Grading Basis: Letter Grade

Typically Offered: Spring.

BANA 6780 -  AI for Business  (3 Credits)  

BANA 6780 introduces current artificial intelligence (AI) and machine learning (ML) technology, together with business use cases and AI/ML technology strategy for managers. Students learn how a variety of companies, from Netflix to electric utilities, apply modern AI/ML techniques to predict and manage customer demand, preferences, experiences, and behaviors; improve business processes and KPIs; automate and optimize routine business decisions; and develop more successful business strategies. Take-home software labs and demos enable students to experiment with recommendation engines, Bayesian probabilistic inference systems, pattern recognition and predictive analytics, natural language processing (NLP), anomaly detection, causal inference, and optimization and coordination of plans and decisions over time and within teams and organizations of AI agents. Students apply these AI/ML techniques to business strategy and use cases and present their analyses in a written report. Prereq: This course is intended to be self-contained. Previous experience with AI/ML or applied probability and statistics and R are helpful but not essential. Restriction: Restricted to graduate majors. Max hours: 3 Credits.

Grading Basis: Letter Grade

Restriction: Restricted to students with graduate standing.

Typically Offered: Spring.

BANA 6800 -  Special Topics  (3-12 Credits)  

A number of different current topics in business analytics are discussed in this course. Consult the current schedule for semester offerings. Prereq: Permission of instructor. Restriction: Restricted to graduate majors and NDGR majors with a sub-plan of NBA within the Business School. Repeatable. Max hours: 12 Credits.

Grading Basis: Letter Grade

Repeatable. Max Credits: 12.

Restriction: Restricted to graduate majors and NDGR majors with a sub-plan of NBA within the Business School.

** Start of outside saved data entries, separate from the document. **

section \<open>The SLOPE penalty\<close>

lemma sum_le_sum_initial_segment:
  fixes f :: "nat \<Rightarrow> real"
  assumes mono: "\<And>i j. 1 \<le> i \<Longrightarrow> i \<le> j \<Longrightarrow> j \<le> n \<Longrightarrow> f j \<le> f i"
    and P: "P \<subseteq> {1..n}"
  shows "sum f P \<le> (\<Sum>i=1..card P. f i)"
proof -
  define k where "k = card P"
  define K where "K = {1..k}"
  have fin: "finite P" using P finite_subset by blast
  have "k \<le> n" using card_mono[OF _ P] by (simp add: k_def)
  have card_eq: "card (P - K) = card (K - P)"
    using fin by (simp add: card_Diff_subset_Int K_def k_def Int_commute)
  have "sum f P = sum f (P - K) + sum f (P \<inter> K)" "sum f K = sum f (K - P) + sum f (P \<inter> K)"
    using fin by (metis K_def finite_atLeastAtMost sum.Int_Diff add.commute Int_commute)+
  moreover have "sum f (P - K) \<le> sum f (K - P)"
  proof (cases "P - K = {}")
    case True
    then have "card (K - P) = 0" using card_eq by (simp only: card.empty)
    then have "K - P = {}" by (simp add: K_def)
    then show ?thesis using True by simp
  next
    case False
    then have "1 \<le> k" using fin by (auto simp: k_def Suc_le_eq card_gt_0_iff)
    \<comment> \<open>every element of \<open>P - K\<close> lies above \<open>k\<close>, every element of \<open>K - P\<close> below it\<close>
    have "sum f (P - K) \<le> of_nat (card (P - K)) * f k"
      using P mono \<open>1 \<le> k\<close> by (intro sum_bounded_above) (auto simp: K_def)
    also have "\<dots> \<le> sum f (K - P)"
      unfolding card_eq using mono \<open>k \<le> n\<close> by (intro sum_bounded_below) (auto simp: K_def)
    finally show ?thesis .
  qed
  ultimately show ?thesis by (simp add: K_def k_def)
qed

BANA 6840 -  Independent Study  (1-6 Credits)  

Instructor approval is required. Allowed only under special and unusual circumstances. Regularly scheduled courses cannot be taken as independent study. Restriction: Restricted to graduate majors and NDGR majors with a sub-plan of NBA within the Business School. Repeatable. Max Hours: 6 Credits.

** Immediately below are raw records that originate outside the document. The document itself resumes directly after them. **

text \<open>Axiom (E) for star with extension ext: ext a b e F \<rho>_AE is F_{B|A} \<star> \<rho>_{AE}
 on A (x) B (x) E.  The extension agrees with star for the trivial environment (dim 1,
 A (x) C identified with A) and is homogeneous in both arguments.\<close>
definition axiomE ::
  "(nat \<Rightarrow> nat \<Rightarrow> qmap \<Rightarrow> cmat \<Rightarrow> cmat) \<Rightarrow> (nat \<Rightarrow> nat \<Rightarrow> nat \<Rightarrow> qmap \<Rightarrow> cmat \<Rightarrow> cmat) \<Rightarrow> bool" where
  "axiomE star ext \<longleftrightarrow>
     (\<forall>a b F \<rho>. channel a b F \<and> density a \<rho> \<longrightarrow> ext a b 1 F \<rho> = star a b F \<rho>) \<and>
     (\<forall>a b e F \<rho>. channel a b F \<and> state_over_spacetime star a e \<rho> \<longrightarrow>
        ext a b e F \<rho> \<in> carrier_mat (a * b * e) (a * b * e) \<and>
        (\<forall>I. cp_trace_nonincreasing e e I \<longrightarrow>
            apply_right (a * b) e e I (ext a b e F \<rho>) = ext a b e F (apply_right a e e I \<rho>)) \<and>
        ptrace_left a (b * e) (ext a b e F \<rho>) = apply_left a b e F \<rho> \<and>
        (\<forall>c. ext a b e (\<lambda>M. c \<cdot>\<^sub>m F M) \<rho> = c \<cdot>\<^sub>m ext a b e F \<rho> \<and>
             ext a b e F (c \<cdot>\<^sub>m \<rho>) = c \<cdot>\<^sub>m ext a b e F \<rho>))"

text \<open>Axiom (P): Tr_B[F_{C|B} \<star> (E_{B|A} \<star> \<rho>_A)] = (F o E) \<star> \<rho>_A, where F acts on the
 B-part of E \<star> \<rho> (reordered to B (x) A) with spectator A; the result on C (x) A is
 identified with A (x) C.\<close>
definition axiomP ::
  "(nat \<Rightarrow> nat \<Rightarrow> qmap \<Rightarrow> cmat \<Rightarrow> cmat) \<Rightarrow> (nat \<Rightarrow> nat \<Rightarrow> nat \<Rightarrow> qmap \<Rightarrow> cmat \<Rightarrow> cmat) \<Rightarrow> bool" where
  "axiomP star ext \<longleftrightarrow>
     (\<forall>a b c E F \<rho>. channel a b E \<and> channel b c F \<and> density a \<rho> \<longrightarrow>
        swap_sys c a (ptrace_left b (c * a) (ext b c a F (swap_sys a b (star a b E \<rho>))))
          = star a c (F \<circ> E) \<rho>)"

end

theory Submission
  imports Defs
begin

text \<open>By axiom (E), letting a channel F act on the B-part of E \<star> \<rho> and tracing out B gives
(F \<otimes> id_A)(E \<star> \<rho>); after reordering the factors, axiom (P) therefore says
(id_A \<otimes> F)(E \<star> \<rho>) = (F \<circ> E) \<star> \<rho>.  Taking E = id gives the factorisation
E \<star> \<rho> = (id_A \<otimes> E)(id \<star> \<rho>); conversely, the factorisation reduces (P) to
(id_A \<otimes> F)(id_A \<otimes> E) = id_A \<otimes> (F \<circ> E).  As id_A \<otimes> E depends linearly on E, the
factorisation makes \<star> process-linear and extends it linearly to all linear maps.
Only axiom (E) is used, not the marginal conditions of a state over time.\<close>

lemma tensor_index_less:
  fixes x y n m :: nat
  assumes "x < n" "y < m"
  shows "x * m + y < n * m"
proof -
  have "Suc x * m \<le> n * m" using assms(1) by (intro mult_le_mono1) simp
  then show ?thesis using assms(2) by simp
qed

Grading Basis: Letter Grade

Repeatable. Max Credits: 6.

Restriction: Restricted to graduate majors and NDGR majors with a sub-plan of NBA within the Business School.

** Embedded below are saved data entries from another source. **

(* Let $G(z)=\sum_{n\ge0}a_n^2z^n$ be a transcendental entire function with $a_n\ge0$, and fix $\gamma\in(0,\tfrac12)$. Then there is a set $\mathcal{N}=\mathcal{N}_G\subset\mathbb{R}^+$ such that $\mathbb{R}^+\setminus\mathcal{N}$ has finite logarithmic measure and $H(t)=G(e^t)$ is local $\delta$-admissible on $\{t:e^t\in\mathcal{N}\}$ with \[ \delta(t)=\frac{B(t)}{K^3(e^t)}. \]
   Context: $A=H'/H$, $B=A'$. The maximal term is $\mu(r)=\max_n a_n^2r^n$, the central index is $N(r)=\max\{n:a_n^2r^n=\mu(r)\}$, and $K(r)=N(r)^{(1+\gamma)/2}$. A set $E\subset\mathbb{R}^+$ has finite logarithmic measure if $\int_E dt/t<\infty$. $H$ is local $\delta$-admissible on $T$ if for every $\varepsilon>0$ there exist $\eta>0$ and $t_0(\varepsilon)$ such that for all $t\in T$ with $t>t_0(\varepsilon)$ and all complex $\tau$ with $|\tau|\le\eta\delta(t)$, $\log\frac{H(t+\tau)}{H(t)}=\tau A(t)+\frac12\tau^2B(t)+h_t(\tau)$ with $|h_t(\tau)|\le\varepsilon|\tau|^2B(t)$ (logarithm: the branch analytic in $\tau$ vanishing at $\tau=0$). *)

theory Defs
  imports "HOL-Analysis.Analysis"
begin

definition G_fun :: "(nat \<Rightarrow> real) \<Rightarrow> complex \<Rightarrow> complex" where
  "G_fun a z = (\<Sum>n. complex_of_real ((a n)\<^sup>2) * z ^ n)"

definition H_fun :: "(nat \<Rightarrow> real) \<Rightarrow> complex \<Rightarrow> complex" where
  "H_fun a w = G_fun a (exp w)"

definition A_fun :: "(nat \<Rightarrow> real) \<Rightarrow> complex \<Rightarrow> complex" where
  "A_fun a w = deriv (H_fun a) w / H_fun a w"

definition B_fun :: "(nat \<Rightarrow> real) \<Rightarrow> complex \<Rightarrow> complex" where
  "B_fun a w = deriv (A_fun a) w"

definition max_term :: "(nat \<Rightarrow> real) \<Rightarrow> real \<Rightarrow> real" where
  "max_term a r = (SUP n. (a n)\<^sup>2 * r ^ n)"

definition central_index :: "(nat \<Rightarrow> real) \<Rightarrow> real \<Rightarrow> nat" where
  "central_index a r = Max {n. (a n)\<^sup>2 * r ^ n = max_term a r}"

definition K_fun :: "(nat \<Rightarrow> real) \<Rightarrow> real \<Rightarrow> real \<Rightarrow> real" where
  "K_fun a \<gamma> r = real (central_index a r) powr ((1 + \<gamma>) / 2)"

definition finite_log_measure :: "real set \<Rightarrow> bool" where
  "finite_log_measure E \<longleftrightarrow> (\<integral>\<^sup>+ t. ennreal (indicator E t / t) \<partial>lborel) < \<infinity>"

text \<open>The logarithm
  log(H(t+tau)/H(t)) is represented by a branch L, continuous on the closed disk,
  analytic in its interior, with L 0 = 0 and exp (L tau) = H(t+tau)/H(t).\<close>
definition local_delta_admissible ::
  "(complex \<Rightarrow> complex) \<Rightarrow> (complex \<Rightarrow> complex) \<Rightarrow> (complex \<Rightarrow> complex)
     \<Rightarrow> (real \<Rightarrow> real) \<Rightarrow> real set \<Rightarrow> bool" where
  "local_delta_admissible H A B \<delta> T \<longleftrightarrow>
    (\<forall>\<epsilon>>0. \<exists>\<eta>>0. \<exists>t0. \<forall>t\<in>T. t > t0 \<longrightarrow>
       (\<exists>L. continuous_on (cball 0 (\<eta> * \<delta> t)) L \<and>
            L holomorphic_on ball 0 (\<eta> * \<delta> t) \<and> L 0 = 0 \<and>
            (\<forall>\<tau>. norm \<tau> \<le> \<eta> * \<delta> t \<longrightarrow>
               exp (L \<tau>) = H (of_real t + \<tau>) / H (of_real t) \<and>
               norm (L \<tau> - (\<tau> * A (of_real t) + \<tau>\<^sup>2 * B (of_real t) / 2))
                 \<le> \<epsilon> * (norm \<tau>)\<^sup>2 * Re (B (of_real t)))))"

BANA 6910 -  Business Analytics Practicum  (3 Credits)  

Students apply business analytics methodologies to a real-life business problem in cooperation with a local organization. Under the supervision of faculty, students engage in problem definition, analysis and solution. Results are presented in oral and written form to the sponsoring organization. Because the practicum is a capstone course, it is not appropriate for students just beginning the program. Prereq: Will vary depending upon the particular topic (consult the schedule of classes). Restriction: Restricted to graduate majors and NDGR majors with a sub-plan of NBA within the Business School. Max hours: 3 Credits.

Grading Basis: Letter Grade

Restriction: Restricted to graduate majors and NDGR majors with a sub-plan of NBA within the Business School.